Pro Medicus pain alert
There is more soreness ahead for Australian investors who avoid the US radiology juggernaut.

For Australian active fund managers there are few stocks more painful than the one that soars in value from less than $100 million to $32 billion, and a place in the ASX 50 leaders, while you don't own a single share. That stock is, of course, Pro Medicus (ASX: PME).
The vast majority of non-index Australian equities managers don't own and have never owned PME shares. And for those that don't own it, it's really starting to hurt. It's hard to beat the ASX 200 Accumulation Index – the yardstick against which most funds measure performance – when you don't own the fastest-rising component of that index.[[Fund managers that have disclosed more than token PME holdings in recent quarterly updates are Mark Arnold and Jason Orthman at Hyperion Asset Management, Don Buchanan and Nick Thomson at Lakehouse Capital and Prasad Patkar at Platypus Asset Management. As most fundies rarely disclose more than their top five holdings in quarterly updates, there might be several others who own more than 50,000 shares. The PME register shows 38 per cent of the stock is held by nominees that normally front institutional holdings, but the beneficial holders behind the nominees are invisible unless their shareholding is greater than 5 per cent of the company.]]

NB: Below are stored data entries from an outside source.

lemma emeasure_UN_enlarged_balls_le:
  fixes \<mu> :: "'a::euclidean_space measure"
  assumes sets: "sets \<mu> = sets borel" and A: "A \<in> sets borel" and C: "countable C" and m: "0 < m"
    and disj: "pairwise (\<lambda>i j. disjnt (ball i (r i)) (ball j (r j))) C"
    and r: "\<And>i. i \<in> C \<Longrightarrow> 0 < r i \<and> ennreal (m * r i ^ DIM('a)) < emeasure \<mu> (ball i (r i) \<inter> A)"
  shows "emeasure lborel (\<Union>i\<in>C. ball i (5 * r i))
    \<le> ennreal (5 ^ DIM('a) * unit_ball_vol (real DIM('a)) / m) * emeasure \<mu> A"
proof -
  define c where "c = 5 ^ DIM('a) * unit_ball_vol (real DIM('a)) / m"
  have "emeasure lborel (\<Union>i\<in>C. ball i (5 * r i)) \<le> (\<integral>\<^sup>+i. emeasure lborel (ball i (5 * r i)) \<partial>count_space C)"
    using C by (intro emeasure_UN_countable_le) auto
  also have "\<dots> \<le> (\<integral>\<^sup>+i. ennreal c * emeasure \<mu> (ball i (r i) \<inter> A) \<partial>count_space C)"
  proof (intro nn_integral_mono)
    fix i assume "i \<in> space (count_space C)"
    then have i: "i \<in> C" by simp
    have "emeasure lborel (ball i (5 * r i)) = ennreal c * ennreal (m * r i ^ DIM('a))"
      using m r[OF i] by (simp add: emeasure_ball c_def ennreal_mult'[symmetric] power_mult_distrib field_simps)
    also have "\<dots> \<le> ennreal c * emeasure \<mu> (ball i (r i) \<inter> A)"
      using r[OF i] by (intro mult_left_mono) auto
    finally show "emeasure lborel (ball i (5 * r i)) \<le> \<dots>" .
  qed
  also have "\<dots> = ennreal c * (\<integral>\<^sup>+i. emeasure \<mu> (ball i (r i) \<inter> A) \<partial>count_space C)"
    by (rule nn_integral_cmult) simp
  also have "(\<integral>\<^sup>+i. emeasure \<mu> (ball i (r i) \<inter> A) \<partial>count_space C) = emeasure \<mu> (\<Union>i\<in>C. ball i (r i) \<inter> A)"
  proof (rule emeasure_UN_countable[symmetric])
    show "disjoint_family_on (\<lambda>i. ball i (r i) \<inter> A) C"
      using disj unfolding disjoint_family_on_def pairwise_def disjnt_def by fastforce
  qed (use C sets A in auto)
  also have "emeasure \<mu> (\<Union>i\<in>C. ball i (r i) \<inter> A) \<le> emeasure \<mu> A"
    by (rule emeasure_mono) (use sets A in auto)
  finally show ?thesis unfolding c_def by (simp add: mult_left_mono)
qed

text \<open>The weak type (1,1) bound for the uncentred maximal function of \<open>\<mu>\<close> restricted to \<open>A\<close>.\<close>
lemma high_density_set_cover:
  fixes \<mu> :: "'a::euclidean_space measure"
  assumes sets: "sets \<mu> = sets borel" and A: "A \<in> sets borel"
    and fin: "emeasure \<mu> A < \<infinity>" and m: "0 < m"
  obtains U where "U \<in> sets borel" "high_density_set \<mu> A m \<subseteq> U"
    "emeasure lborel U \<le> ennreal (5 ^ DIM('a) * unit_ball_vol (real DIM('a)) / m) * emeasure \<mu> A"
proof -
  define n where "n = DIM('a)"
  have n: "1 \<le> n" unfolding n_def by (simp add: DIM_positive Suc_leI)
  define E where "E = high_density_set \<mu> A m"
  define r where "r x = (SOME s. s > 0 \<and> ennreal (m * s ^ n) < emeasure \<mu> (ball x s \<inter> A))" for x
  have r: "r x > 0 \<and> ennreal (m * r x ^ n) < emeasure \<mu> (ball x (r x) \<inter> A)" if "x \<in> E" for x
  proof -
    have "\<exists>s. s > 0 \<and> ennreal (m * s ^ n) < emeasure \<mu> (ball x s \<inter> A)"
      using that unfolding E_def high_density_set_def n_def by auto
    from someI_ex[OF this] show ?thesis unfolding r_def .
  qed
  define \<eta> where "\<eta> = enn2real (emeasure \<mu> A)"
  have r_bounded: "0 < r x \<and> r x \<le> max 1 (\<eta> / m)" if "x \<in> E" for x
  proof -
    have "emeasure \<mu> (ball x (r x) \<inter> A) \<le> emeasure \<mu> A"
      by (rule emeasure_mono) (use sets A in auto)
    moreover have "emeasure \<mu> A = ennreal \<eta>" unfolding \<eta>_def using fin by simp
    ultimately have "ennreal (m * r x ^ n) < ennreal \<eta>" using r[OF that] by (metis order.strict_trans2)
    then have "m * r x ^ n < \<eta>" by (subst (asm) ennreal_less_iff) (use r[OF that] m in auto)
    then have "r x \<le> max 1 (\<eta> / m)"
      using r[OF that] by (intro radius_le_of_mass_bound[OF m _ n]) auto
    then show ?thesis using r[OF that] by simp
  qed
  have "E \<subseteq> (\<Union>i\<in>E. ball (id i) (r i))" using r by force
  then obtain C where C: "countable C" "C \<subseteq> E"
    and disj: "pairwise (\<lambda>i j. disjnt (ball (id i) (r i)) (ball (id j) (r j))) C"
    and cover: "E \<subseteq> (\<Union>i\<in>C. ball (id i) (5 * r i))"
    by (rule Vitali_covering_lemma_balls[OF _ r_bounded]) auto
  show ?thesis
  proof (rule that)
    show "(\<Union>i\<in>C. ball i (5 * r i)) \<in> sets borel" by (intro borel_open) auto
    show "high_density_set \<mu> A m \<subseteq> (\<Union>i\<in>C. ball i (5 * r i))" using cover unfolding E_def by simp
    show "emeasure lborel (\<Union>i\<in>C. ball i (5 * r i))
      \<le> ennreal (5 ^ DIM('a) * unit_ball_vol (real DIM('a)) / m) * emeasure \<mu> A"
      using C disj r unfolding n_def by (intro emeasure_UN_enlarged_balls_le[OF sets A C(1) m]) auto
  qed
qed

section \<open>Dyadic annuli\<close>

lemma dyadic_interval:
  fixes q :: real assumes "1 \<le> q"
  obtains k :: nat where "2 ^ k \<le> q" "q < 2 ^ (k + 1)"
proof -
  have ex: "\<exists>N::nat. q < 2 ^ N" by (rule real_arch_pow) simp
  define N where "N = (LEAST N::nat. q < 2 ^ N)"
  have N: "q < 2 ^ N" unfolding N_def using LeastI_ex[OF ex] .
  have "N \<noteq> 0" by (rule notI) (use N assms in simp)
  then obtain k where k: "N = k + 1" by (cases N) auto
  have "\<not> q < 2 ^ k" using not_less_Least[of k "\<lambda>N::nat. q < 2 ^ N"] k unfolding N_def by simp
  then show ?thesis using N k by (intro that) (auto simp: not_less)
qed

definition dyadic_annulus :: "nat \<Rightarrow> 'a::euclidean_space set" where
  "dyadic_annulus k = ball 0 (2 ^ k) - ball 0 (2 ^ k / 2)"

lemma dyadic_annulus_disjoint:
  assumes "k < j"
  shows "dyadic_annulus k \<inter> (dyadic_annulus j :: 'a::euclidean_space set) = {}"
proof -
  have "(2::real) ^ k \<le> 2 ^ j / 2" using power_increasing[of "Suc k" j "2::real"] assms by simp
  then show ?thesis unfolding dyadic_annulus_def by auto
qed

lemma disjoint_family_dyadic_annulus: "disjoint_family (dyadic_annulus :: nat \<Rightarrow> 'a::euclidean_space set)"
  unfolding disjoint_family_on_def by (metis Int_commute dyadic_annulus_disjoint linorder_neqE_nat)
(* Let $G=\langle x\rangle$ be a finite cyclic group. Then $G$ admits a $2$-PDR of valency $3$ if and only if $o(x)\geq 5$.
   Context: For a group $G$ and an integer $m\geq 2$, write $g_i$ for the element $(g,i)$ of $G\times\mathbb{Z}_m$. Given subsets $T_{i,j}\subseteq G$ for $i,j\in\mathbb{Z}_m$, the $m$-Cayley digraph $\mathrm{Cay}(G,T_{i,j}:i,j\in\mathbb{Z}_m)$ is the digraph with vertex set $G\times\mathbb{Z}_m$ and arc set $\bigcup_{i,j\in\mathbb{Z}_m}\{(g_i,(tg)_j): t\in T_{i,j},\, g\in G\}$. It is called an $m$-partite Cayley digraph if $T_{i,i}=\emptyset$ for all $i\in\mathbb{Z}_m$. A digraph is regular of valency $k$ if every vertex has out-valency $k$ and in-valency $k$. A group $G$ admits an $m$-PDR of valency $k$ if there exists an $m$-partite Cayley digraph $\Gamma$ over $G$ which is regular of valency $k$ and whose full automorphism group $\mathrm{Aut}(\Gamma)$ is isomorphic to $G$. $o(x)$ denotes the order of $x$. *)

theory Defs
  imports "HOL-Algebra.Algebra"
begin

definition mcay_vertices :: "('a, 'b) monoid_scheme \<Rightarrow> nat \<Rightarrow> ('a \<times> nat) set" where
  "mcay_vertices G m = carrier G \<times> {0..<m}"

definition mcay_arcs :: "('a, 'b) monoid_scheme \<Rightarrow> nat \<Rightarrow> (nat \<Rightarrow> nat \<Rightarrow> 'a set)
    \<Rightarrow> (('a \<times> nat) \<times> ('a \<times> nat)) set" where
  "mcay_arcs G m T = {((g, i), (t \<otimes>\<^bsub>G\<^esub> g, j)) | g i j t.
      i < m \<and> j < m \<and> t \<in> T i j \<and> g \<in> carrier G}"

definition regular_digraph :: "'v set \<Rightarrow> ('v \<times> 'v) set \<Rightarrow> nat \<Rightarrow> bool" where
  "regular_digraph V A k \<longleftrightarrow>
     (\<forall>u\<in>V. card {v\<in>V. (u, v) \<in> A} = k \<and> card {v\<in>V. (v, u) \<in> A} = k)"

definition digraph_aut :: "'v set \<Rightarrow> ('v \<times> 'v) set \<Rightarrow> ('v \<Rightarrow> 'v) monoid" where
  "digraph_aut V A = (BijGroup V)\<lparr>carrier :=
     {\<sigma> \<in> Bij V. \<forall>u\<in>V. \<forall>v\<in>V. (u, v) \<in> A \<longleftrightarrow> (\<sigma> u, \<sigma> v) \<in> A}\<rparr>"

definition admits_PDR :: "('a, 'b) monoid_scheme \<Rightarrow> nat \<Rightarrow> nat \<Rightarrow> bool" where
  "admits_PDR G m k \<longleftrightarrow>
     (\<exists>T. (\<forall>i<m. \<forall>j<m. T i j \<subseteq> carrier G) \<and> (\<forall>i<m. T i i = {}) \<and>
          regular_digraph (mcay_vertices G m) (mcay_arcs G m T) k \<and>
          digraph_aut (mcay_vertices G m) (mcay_arcs G m T) \<cong> G)"

end

theory Submission
  imports Defs
begin

text \<open>
  Right translations (g, i) \<mapsto> (g h, i) are automorphisms of every m-Cayley digraph, and for
  abelian G they form a copy of G; so for finite G the automorphism group is isomorphic to G
  exactly when there are no other automorphisms.

  If |G| \<le> 4, regularity of valency 3 makes T01 and T10 subsets of size 3 of G, so
  T10 = d T01 for some d, and (g, 0) \<mapsto> (g, 1), (g, 1) \<mapsto> (d g, 0) is an automorphism
  that is not a translation.

  If o(x) \<ge> 5, take T01 = {1, x, x^2} and T10 = {x^-1, 1, x^2}. The two-way arcs form the
  Hamiltonian cycle (g, 0), (x g, 1), (x g, 0), (x^2 g, 1), ..., of length 2 o(x) \<ge> 10, and the
  one-way arc leaving a vertex ends 3 steps further along it from level 0 but 5 steps from
  level 1. Hence every automorphism preserves the levels, then commutes with multiplication
  by x, and is therefore a right translation.
\<close>

definition digon :: "('v \<times> 'v) set \<Rightarrow> 'v \<Rightarrow> 'v \<Rightarrow> bool" where
  "digon A u v \<longleftrightarrow> (u, v) \<in> A \<and> (v, u) \<in> A"

definition one_way_arc :: "('v \<times> 'v) set \<Rightarrow> 'v \<Rightarrow> 'v \<Rightarrow> bool" where
  "one_way_arc A u v \<longleftrightarrow> (u, v) \<in> A \<and> (v, u) \<notin> A"

lemma digraph_aut_carrier:
  "\<sigma> \<in> carrier (digraph_aut V A) \<longleftrightarrow>
     \<sigma> \<in> Bij V \<and> (\<forall>u\<in>V. \<forall>v\<in>V. (u, v) \<in> A \<longleftrightarrow> (\<sigma> u, \<sigma> v) \<in> A)"
  by (simp add: digraph_aut_def)

lemma digraph_aut_closed: "\<sigma> \<in> carrier (digraph_aut V A) \<Longrightarrow> u \<in> V \<Longrightarrow> \<sigma> u \<in> V"
  by (auto simp: digraph_aut_carrier Bij_def bij_betw_def)

lemma digraph_aut_inj_on: "\<sigma> \<in> carrier (digraph_aut V A) \<Longrightarrow> inj_on \<sigma> V"
  by (auto simp: digraph_aut_carrier Bij_def bij_betw_def)

lemma digraph_aut_arc_iff:
  "\<sigma> \<in> carrier (digraph_aut V A) \<Longrightarrow> u \<in> V \<Longrightarrow> v \<in> V \<Longrightarrow>
     (\<sigma> u, \<sigma> v) \<in> A \<longleftrightarrow> (u, v) \<in> A"
  by (simp add: digraph_aut_carrier)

Unfortunately for fund managers, the pain might get worse before it gets better. Pro Medicus' main business, its proprietary Visage radiology software used mostly by North American hospital chains, is on a tear and is not showing any signs of deceleration. Indeed, on some measures, the rate at which PME is winning market share in the US is actually accelerating.
Despite having the most expensive offering, PME is crushing its competitors in the US. In the last five years the company has reported 32 major new contract wins, with guaranteed minimum licence payments of $136 million. The former dominant player in the US, Canada's Intelerad, announced four. A Swedish challenger, Sectra, reported 15 new contract wins in the US but only won them by deep discounting. Despite the contract wins, analysts that cover Sectra have progressively lowered revenue and earnings forecasts over the past 12 months.